-- Stored data follows --

lemma recursive_rel_eq:
  assumes "recursive_fn k f" and "recursive_fn k g"
  shows "recursive_rel k (\<lambda>xs. f xs = g xs)"
  using recursive_rel_eq_0[OF recursive_fn_add[OF recursive_fn_diff[OF assms] recursive_fn_diff[OF assms(2,1)]]]
  by (rule recursive_rel_cong) auto

lemma recursive_rel_iff:
  assumes "recursive_rel k P" and "recursive_rel k Q"
  shows "recursive_rel k (\<lambda>xs. P xs \<longleftrightarrow> Q xs)"
  using recursive_rel_eq[OF assms[unfolded recursive_rel_def]]
  by (rule recursive_rel_cong) simp

lemma recursive_rel_le:
  assumes "recursive_fn k f" and "recursive_fn k g"
  shows "recursive_rel k (\<lambda>xs. f xs \<le> g xs)"
  using recursive_rel_eq_0[OF recursive_fn_diff[OF assms]]
  by (rule recursive_rel_cong) simp

lemma recursive_rel_less:
  assumes "recursive_fn k f" and "recursive_fn k g"
  shows "recursive_rel k (\<lambda>xs. f xs < g xs)"
  using recursive_rel_le[OF recursive_fn_Suc[OF assms(1)] assms(2)]
  by (rule recursive_rel_cong) (simp add: Suc_le_eq)

(* The bound variable is appended to the argument list, so nested bounded quantifiers never
   shift the positions of outer variables; simp turns the nested take-terms arising from them
   back into plain projections. *)
lemma recursive_rel_all_less:
  assumes Q: "recursive_rel (Suc k) (\<lambda>ys. Q (ys ! k) (take k ys))" and B: "recursive_fn k B"
  shows "recursive_rel k (\<lambda>xs. \<forall>y<B xs. Q y xs)"
proof -
  let ?\<chi> = "\<lambda>ys. if Q (ys ! k) (take k ys) then 1 else 0 :: nat"
  define h where "h zs = (if \<forall>y<hd zs. Q y (tl zs) then 1 else 0 :: nat)" for zs
  let ?args = "map (Suc \<circ> Suc) [0..<k] @ [0]"
  have step: "recursive_fn (Suc (Suc k)) (\<lambda>zs. zs ! 1 * ?\<chi> (map ((!) zs) ?args))"
    using Q unfolding recursive_rel_def
    by (intro recursive_fn_mult recursive_fn_nth recursive_fn_comp_nths) auto
  have "recursive_fn (Suc k) h"
  proof (rule recursive_fn_prim_rec[OF recursive_fn_const step])
    fix n and xs :: "nat list"
    assume xs: "length xs = k"
    show "h (0 # xs) = 1"
      by (simp add: h_def)
    have "map ((!) (n # h (n # xs) # xs)) ?args = xs @ [n]"
      using xs by (intro nth_equalityI) (auto simp: nth_append)
    then show "h (Suc n # xs) = (n # h (n # xs) # xs) ! 1 * ?\<chi> (map ((!) (n # h (n # xs) # xs)) ?args)"
      using xs by (auto simp: h_def less_Suc_eq)
  qed
  from recursive_fn_comp_Cons[OF this B] show ?thesis
    unfolding recursive_rel_def h_def by simp
qed

lemma recursive_rel_ex_less:
  assumes "recursive_rel (Suc k) (\<lambda>ys. Q (ys ! k) (take k ys))" and "recursive_fn k B"
  shows "recursive_rel k (\<lambda>xs. \<exists>y<B xs. Q y xs)"
  using recursive_rel_not[OF recursive_rel_all_less[OF recursive_rel_not[OF assms(1)] assms(2)]]
  by (rule recursive_rel_cong) simp

lemma bit_nat_iff_decomposition:
  "bit (c::nat) x \<longleftrightarrow> (\<exists>a<2 ^ x. \<exists>b<Suc c. c = a + 2 ^ x * (2 * b + 1))"
proof
  assume "bit c x"
  then have "odd (c div 2 ^ x)"
    by (simp add: bit_iff_odd)
  then have "c = c mod 2 ^ x + 2 ^ x * (2 * (c div 2 ^ x div 2) + 1)"
    by (metis div_mult_mod_eq mult.commute add.commute odd_two_times_div_two_succ)
  moreover have "c div 2 ^ x div 2 < Suc c"
    by (metis div_le_dividend le_imp_less_Suc order.trans)
  ultimately show "\<exists>a<2 ^ x. \<exists>b<Suc c. c = a + 2 ^ x * (2 * b + 1)"
    by (meson mod_less_divisor zero_less_numeral zero_less_power)
next
  assume "\<exists>a<2 ^ x. \<exists>b<Suc c. c = a + 2 ^ x * (2 * b + 1)"
  then obtain a b where "a < 2 ^ x" and "c = a + 2 ^ x * (2 * b + 1)"
    by blast
  then have "c div 2 ^ x = 2 * b + 1"
    using div_mult_self2[of "2 ^ x" a "2 * b + 1"] by simp
  then show "bit c x"
    by (simp add: bit_iff_odd)
qed

lemma recursive_rel_bit:
  assumes "recursive_fn k f" and "recursive_fn k g"
  shows "recursive_rel k (\<lambda>xs. bit (f xs) (g xs))"
proof -
  have "recursive_rel 2 (\<lambda>xs. \<exists>a<2 ^ (xs ! 1). \<exists>b<Suc (xs ! 0). xs ! 0 = a + 2 ^ (xs ! 1) * (2 * b + 1))"
    by (intro recursive_rel_ex_less recursive_rel_eq recursive_fn_add recursive_fn_mult
        recursive_fn_power2 recursive_fn_Suc recursive_fn_const recursive_fn_nth)
      (simp_all add: recursive_fn_nth)
  then have "recursive_rel 2 (\<lambda>xs. bit (xs ! 0) (xs ! 1))"
    by (rule recursive_rel_cong) (simp add: bit_nat_iff_decomposition)
  from recursive_fn_comp2[OF this[unfolded recursive_rel_def] assms] show ?thesis
    unfolding recursive_rel_def by simp
qed

section \<open>The extension axioms on the universe {..<l} \<times> \<nat>\<close>

definition extension_axiom :: "nat \<Rightarrow> 'a set \<Rightarrow> (nat \<Rightarrow> 'a set) \<Rightarrow> ('a \<Rightarrow> 'a \<Rightarrow> bool) \<Rightarrow> int \<Rightarrow> bool" where
  "extension_axiom l D L S i \<longleftrightarrow>
     (\<forall>X Y Z X' Y'.
        finite X \<and> finite Y \<and> finite Z \<and> finite X' \<and> finite Y' \<and>
        X \<subseteq> lev l D L (i + 1) \<and> Y \<subseteq> lev l D L (i + 1) \<and> X \<inter> Y = {} \<and>
        Z \<subseteq> lev l D L i \<and>
        X' \<subseteq> lev l D L (i - 1) \<and> Y' \<subseteq> lev l D L (i - 1) \<and> X' \<inter> Y' = {} \<longrightarrow>
        (\<exists>z \<in> lev l D L i - Z.
           (\<forall>x\<in>X. S z x) \<and> (\<forall>x'\<in>X'. S x' z) \<and>
           (\<forall>y\<in>Y. \<not> S z y) \<and> (\<forall>y'\<in>Y'. \<not> S y' z)))"

abbreviation standard_universe :: "nat \<Rightarrow> (nat \<times> nat) set" where
  "standard_universe l \<equiv> {..<l} \<times> UNIV"

abbreviation standard_levels :: "nat \<Rightarrow> (nat \<times> nat) set" where
  "standard_levels j \<equiv> {j} \<times> UNIV"

lemma lev_standard_universe:
  assumes "i < l"
  shows "lev l (standard_universe l) standard_levels (int i) = {i} \<times> UNIV"
    and "lev l (standard_universe l) standard_levels (int i + 1) = (if Suc i < l then {Suc i} \<times> UNIV else {})"
    and "lev l (standard_universe l) standard_levels (int i - 1) = (if 0 < i then {i - 1} \<times> UNIV else {})"
  using assms by (auto simp: lev_def nat_diff_distrib)

lemma T_model_standard_iff:
  assumes "\<And>a b c d. S (a, b) (c, d) \<Longrightarrow> c = Suc a"
  shows "T_model l (standard_universe l) standard_levels S \<longleftrightarrow>
    (\<forall>i<l. extension_axiom l (standard_universe l) standard_levels S (int i))"
proof -
  have cover: "\<forall>x\<in>standard_universe l. \<exists>j<l. x \<in> standard_levels j"
    by auto
  have disjoint: "\<forall>x\<in>standard_universe l. \<forall>i j. i < j \<and> j < l \<longrightarrow>
      \<not> (x \<in> standard_levels i \<and> x \<in> standard_levels j)"
    by auto
  have levels: "\<forall>x\<in>standard_universe l. \<forall>y\<in>standard_universe l. \<forall>i.
      i + 2 \<le> l \<and> S x y \<and> x \<in> standard_levels i \<longrightarrow> y \<in> standard_levels (i + 1)"
    using assms by fastforce
  have "T_model l (standard_universe l) standard_levels S \<longleftrightarrow>
      (\<forall>i::int. 0 \<le> i \<and> i < int l \<longrightarrow> extension_axiom l (standard_universe l) standard_levels S i)"
    unfolding T_model_def extension_axiom_def[symmetric] using cover disjoint levels by blast
  also have "\<dots> \<longleftrightarrow> (\<forall>i<l. extension_axiom l (standard_universe l) standard_levels S (int i))"
    by (metis nat_eq_iff2 nat_less_iff of_nat_0_le_iff)
  finally show ?thesis .
qed

(* (i, k) realises the instance at level i with X = {i+1} \<times> (P \<inter> {..<N}),
   Y = {i+1} \<times> ({..<N} - P), X' and Y' formed likewise from P' on level i-1,
   and Z = {i} \<times> {..<N}. *)
definition extension_witness ::
  "nat \<Rightarrow> (nat \<times> nat \<Rightarrow> nat \<times> nat \<Rightarrow> bool) \<Rightarrow> nat \<Rightarrow> nat \<Rightarrow> nat set \<Rightarrow> nat set \<Rightarrow> nat \<Rightarrow> bool" where
  "extension_witness l S i N P P' k \<longleftrightarrow> N \<le> k \<and>
     (\<forall>j<N. (Suc i < l \<longrightarrow> (S (i, k) (Suc i, j) \<longleftrightarrow> j \<in> P)) \<and>
            (0 < i \<longrightarrow> (S (i - 1, j) (i, k) \<longleftrightarrow> j \<in> P')))"

lemma extension_witness_of_extension_axiom:
  assumes "i < l" and ext: "extension_axiom l (standard_universe l) standard_levels S (int i)"
  shows "\<exists>k. extension_witness l S i N P P' k"
proof -
  let ?lev = "lev l (standard_universe l) standard_levels"
  define up where "up Q = {x \<in> ?lev (int i + 1). snd x \<in> Q \<inter> {..<N}}" for Q
  define down where "down Q = {x \<in> ?lev (int i - 1). snd x \<in> Q \<inter> {..<N}}" for Q
  have "up Q \<subseteq> {Suc i} \<times> {..<N}" "down Q \<subseteq> {i - 1} \<times> {..<N}" for Q
    unfolding up_def down_def using lev_standard_universe[OF \<open>i < l\<close>] by auto
  then have "finite (up Q)" "finite (down Q)" for Q
    by (meson finite_SigmaI finite_lessThan finite.emptyI finite_insert finite_subset)+
  moreover have "up Q \<subseteq> ?lev (int i + 1)" "down Q \<subseteq> ?lev (int i - 1)" for Q
    unfolding up_def down_def by auto
  moreover have "up P \<inter> up (- P) = {}" "down P' \<inter> down (- P') = {}"
    unfolding up_def down_def by auto
  moreover have "{i} \<times> {..<N} \<subseteq> ?lev (int i)"
    using lev_standard_universe[OF \<open>i < l\<close>] by auto
  ultimately obtain z where z: "z \<in> ?lev (int i) - {i} \<times> {..<N}"
    and "\<forall>x\<in>up P. S z x" "\<forall>x\<in>down P'. S x z" "\<forall>y\<in>up (- P). \<not> S z y" "\<forall>y\<in>down (- P'). \<not> S y z"
    using ext[unfolded extension_axiom_def, rule_format, of "up P" "up (- P)" "{i} \<times> {..<N}" "down P'" "down (- P')"]
    by auto
  moreover obtain k where "z = (i, k)" and "N \<le> k"
    using z lev_standard_universe[OF \<open>i < l\<close>] by force
  ultimately have "extension_witness l S i N P P' k"
    using lev_standard_universe[OF \<open>i < l\<close>] unfolding extension_witness_def up_def down_def by auto
  then show ?thesis ..
qed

-- Stored data concluded --

- [What you need to do] Look through the entries above, and wherever a line holds the string "step", copy it.

- [Completed exercise]
  have step: "recursive_fn (Suc (Suc k)) (\<lambda>zs. zs ! 1 * ?\<chi> (map ((!) zs) ?args))"
  proof (rule recursive_fn_prim_rec[OF recursive_fn_const step])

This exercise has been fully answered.